More than four years later, despite a growing trickle of synthetic videos, the deepfake doomsday hasn’t quite materialized. Deepfakes’ harms have certainly been seen in the realm of pornography—where individuals have had their likeness used without their consent—but there’s been “nothing like what people have been really fearing, which is the incriminating, hyperrealistic deepfake of a presidential candidate saying something which swings major voting centers,” says Henry Ajder, an expert on synthetic media and AI. Compared with 2018’s disaster scenarios, which predicted outcomes such as the North Korean leader Kim Jong-un declaring nuclear war, “the state we’re at is nowhere near that,” says Sam Gregory, who studies deepfakes and directs the human-rights nonprofit Witness.
But those terrifying predictions may have just been early. The field of artificial intelligence has advanced rapidly since the 2018 deepfake panic, and synthetic media is once again the center of attention. The technology buzzword of 2022 is generative AI: models that seem to display humanlike creativity, turning text prompts into astounding images or commanding English at the level of a mediocre undergraduate. These and other advances have experts concerned that a deepfake apocalypse is still very much on the horizon. Fake video and audio might once again be poised to corrupt the most basic ways in which people process reality—or what’s left of it.
So far, deepfakes have been limited by two factors baked into their name: deep learning and fake news. The technology is complex enough—and simpler forms of disinformation are spread so easily—that synthetic media hasn’t seen widespread use.
Deep learning is an approach to AI that simulates the brain through an algorithm made up of many layers (hence, “deep”) of artificial neurons. Many of the deepfakes that sparked fear in 2018 were products of “generative adversarial networks,” which consist of two deep-learning algorithms: a generator and a discriminator. Trained on huge amounts of data—perhaps tens of thousands of human faces—the generator synthesizes an image, and the discriminator tries to tell whether it is real or fake. Based on the discriminator’s feedback, the generator “teaches” itself to produce more realistic faces, and the two continue to improve in an adversarial loop. First developed in 2014, GANs could soon produce uncannily realistic images, audio, and videos.
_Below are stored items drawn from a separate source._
definition GL_O :: "('a::field \<Rightarrow> int) \<Rightarrow> nat \<Rightarrow> 'a mat set" where
  "GL_O v n = {g \<in> carrier_mat n n. (\<forall>i<n. \<forall>j<n. val_ge v (g $$ (i, j)) 0) \<and>
                  det g \<noteq> 0 \<and> v (det g) = 0}"

definition K_mirabolic :: "('a::field \<Rightarrow> int) \<Rightarrow> nat \<Rightarrow> nat \<Rightarrow> 'a mat set" where
  "K_mirabolic v n N = {g \<in> GL_O v n. (\<forall>j<n - 1. val_ge v (g $$ (n - 1, j)) (int N)) \<and>
                           val_ge v (g $$ (n - 1, n - 1) - 1) (int N)}"

definition Sigma_mat :: "nat \<Rightarrow> 'a::field \<Rightarrow> 'a mat" where
  "Sigma_mat n unif = mat n n (\<lambda>(i, j). if i = j then unif ^ (n - 1 - i) else 0)"

definition Sigma_inv :: "nat \<Rightarrow> 'a::field \<Rightarrow> 'a mat" where
  "Sigma_inv n unif = mat n n (\<lambda>(i, j). if i = j then inverse unif ^ (n - 1 - i) else 0)"

end

theory Submission
  imports Defs
begin

text \<open>In the companion basis,
  \<open>tr(\<beta>(x - 1)) = \<Sum>\<^sub>k (x - 1)(k, k+1) - \<Sum>\<^sub>i a\<^sub>i (x - 1)(n-1, i)\<close>.
  Conjugation by \<open>\<Sigma>\<^sub>n\<close> raises the valuation of the \<open>(i, j)\<close> entry by \<open>j - i\<close>, so for
  \<open>x\<close> in \<open>\<Sigma>\<^sub>n K\<^sub>n(n + mn/e) \<Sigma>\<^sub>n\<^bsup>-1\<^esup>\<close> the superdiagonal entries of \<open>x - 1\<close> lie in
  \<open>p\<^sub>F\<close> and its last row in \<open>p\<^sub>F\<^bsup>1+mn/e\<^esup>\<close>. The minimal polynomial
  of \<open>\<beta>\<close> is irreducible, so by Hensel's lemma its Newton polygon is a single segment and
  \<open>\<nu>\<^sub>F(a\<^sub>i) \<ge> min(\<nu>\<^sub>F(a\<^sub>0), 0) \<ge> -mn/e\<close>. Hence the trace lies in \<open>p\<^sub>F\<close>, where
  \<open>\<psi>\<close> is trivial.\<close>

lemma poly_cutoff_plus_monom_mult_shift:
  "poly_cutoff s p + monom 1 s * poly_shift s p = (p :: 'a::comm_ring_1 poly)"
  by (rule poly_eqI) (auto simp: coeff_poly_cutoff coeff_monom_mult coeff_poly_shift)

lemma coeff_char_poly_of:
  "coeff (char_poly_of n a) j = (if j = n then 1 else if j < n then a j else 0)"
  unfolding char_poly_of_def coeff_add coeff_sum coeff_monom by (auto simp: sum.delta)

lemma degree_char_poly_of: "degree (char_poly_of n a) = n"
  by (rule antisym) (auto intro: degree_le le_degree simp: coeff_char_poly_of)

lemma irreducible_char_poly_of_imp_pos: "irreducible (char_poly_of n a) \<Longrightarrow> 0 < n"
  by (rule ccontr) (simp add: char_poly_of_def)

lemma degree_eq_1_if_irreducible_coeff_0:
  fixes f :: "'a::field poly"
  assumes irr: "irreducible f" and f0: "coeff f 0 = 0"
  shows "degree f = 1"
proof -
  have "[:0, 1:] dvd f" using poly_eq_0_iff_dvd[of f 0] f0 by (simp add: poly_0_coeff_0)
  then obtain q where f: "f = [:0, 1:] * q" by (elim dvdE)
  have "\<not> is_unit [:0, 1 :: 'a:]" by (simp add: is_unit_iff_degree)
  then have "is_unit q" using irreducibleD[OF irr f] by blast
  then have "q \<noteq> 0" by auto
  with \<open>is_unit q\<close> have "degree q = 0" by (simp add: is_unit_iff_degree)
  with \<open>q \<noteq> 0\<close> show ?thesis unfolding f by (simp add: degree_mult_eq)
qed

lemma irreducible_factor_degree:
  fixes f :: "'a::field poly"
  assumes irr: "irreducible f" and f: "f = A * B"
  shows "degree A = 0 \<or> degree A = degree f"
proof -
  have "A \<noteq> 0" "B \<noteq> 0" using irr f by auto
  then show ?thesis
    using irreducibleD[OF irr f] f by (auto simp: is_unit_iff_degree degree_mult_eq)
qed

lemma irreducible_smult:
  fixes f :: "'a::field poly"
  assumes "c \<noteq> 0"
  shows "irreducible (smult c f) \<longleftrightarrow> irreducible f"
proof -
  have "is_unit [:c:]" using assms by (simp add: is_unit_const_poly_iff dvd_field_iff)
  then show ?thesis using irreducible_mult_unit_left[of "[:c:]" f] by simp
qed

lemma det_companion:
  fixes a :: "nat \<Rightarrow> 'a::comm_ring_1"
  assumes n: "0 < n"
  shows "det (companion n a) = - a 0 * (-1) ^ (n - 1)"
proof -
  define B where "B = companion n a"
  have Bc: "B \<in> carrier_mat n n" unfolding B_def companion_def by simp
  have "det B = (\<Sum>j<n. B $$ (0, j) * cofactor B 0 j)"
    by (rule laplace_expansion_row[OF Bc n])
  also have "\<dots> = (\<Sum>j<n. if j = n - 1 then B $$ (0, n - 1) * cofactor B 0 (n - 1) else 0)"
    by (rule sum.cong) (auto simp: B_def companion_def)
  also have "mat_delete B 0 (n - 1) = 1\<^sub>m (n - 1)"
    by (rule eq_matI) (auto simp: mat_delete_def B_def companion_def)
  then have "cofactor B 0 (n - 1) = (-1) ^ (n - 1)" unfolding cofactor_def by simp
  finally show ?thesis using n unfolding B_def by (simp add: companion_def)
qed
Yet by the 2018 and 2020 elections, and even the most recent midterms, deepfake technology still wasn’t realistic or accessible enough to be weaponized for political disinformation. Fabricating a decent synthetic video isn’t a “plug and play” process like commanding Lensa to generate artistic selfies or messing around in Photoshop, explains Hany Farid, a computer-science professor at UC Berkeley. Rather, it requires at least some knowledge of machine learning. GAN-generated images also have consistent tells, such as distortion around wisps of hair or earrings, misshapen pupils, and strange backgrounds. A high-quality product that will “fool a lot more people for a longer time … requires manual processing,” says Siewi Lyu, a deepfake expert at the University at Buffalo. “The human operator has to get involved in every aspect,” he told me: curating data, tweaking the model, cleaning up the computer’s errors by hand.
Those barriers mean deep learning certainly isn’t the most cost-effective way to spread fake news. Tucker Carlson and Marjorie Taylor Greene can just go on the air and lie to great effect; New York State recently elected a Republican representative whose storybook biography may be largely fiction; sporadic, cryptic text was enough for QAnon conspiracies to consume the nation; Facebook posts were more than sufficient for Russian troll farms. In terms of visual media, slowing down footage of Nancy Pelosi or mislabeling old war videos as having been shot in Ukraine already breeds plenty of confusion. “It’s far more effective to use a cruder form of media manipulation, which can be done quickly and by less sophisticated actors,” Ajder told me, “than to release an expensive, hard-to-create deepfake, which actually isn’t going to be as good a quality as you had hoped.”
Even if someone has the skills and resources to fabricate a persuasive video, the targets with the greatest discord-sowing potential, such as world leaders and high-profile activists, also have the greatest defenses. Software engineers, governments, and journalists work to verify footage of those people, says Renée DiResta, a disinformation expert and the research manager at the Stanford Internet Observatory. That has proved true for fabricated videos of Ukrainian President Volodymyr Zelensky and Russian President Vladimir Putin during the ongoing invasion; in one video, Zelensky appeared to surrender, but his oversize head and peculiar accent quickly got the clip removed from Facebook and YouTube. “Is doing the work of creating a plausible, convincing deepfake video something they need to do, or are there easier, less detectable mechanisms at their disposal?” DiResta posed to me. The pandemic is yet another misinformation hot spot that illustrates these constraints: A 2020 study of COVID-19 misinformation found some evidence of photos and videos doctored with simple techniques—such as an image edited to show a train transporting virus-filled tanks labeled covid-19—but no AI-based manipulations.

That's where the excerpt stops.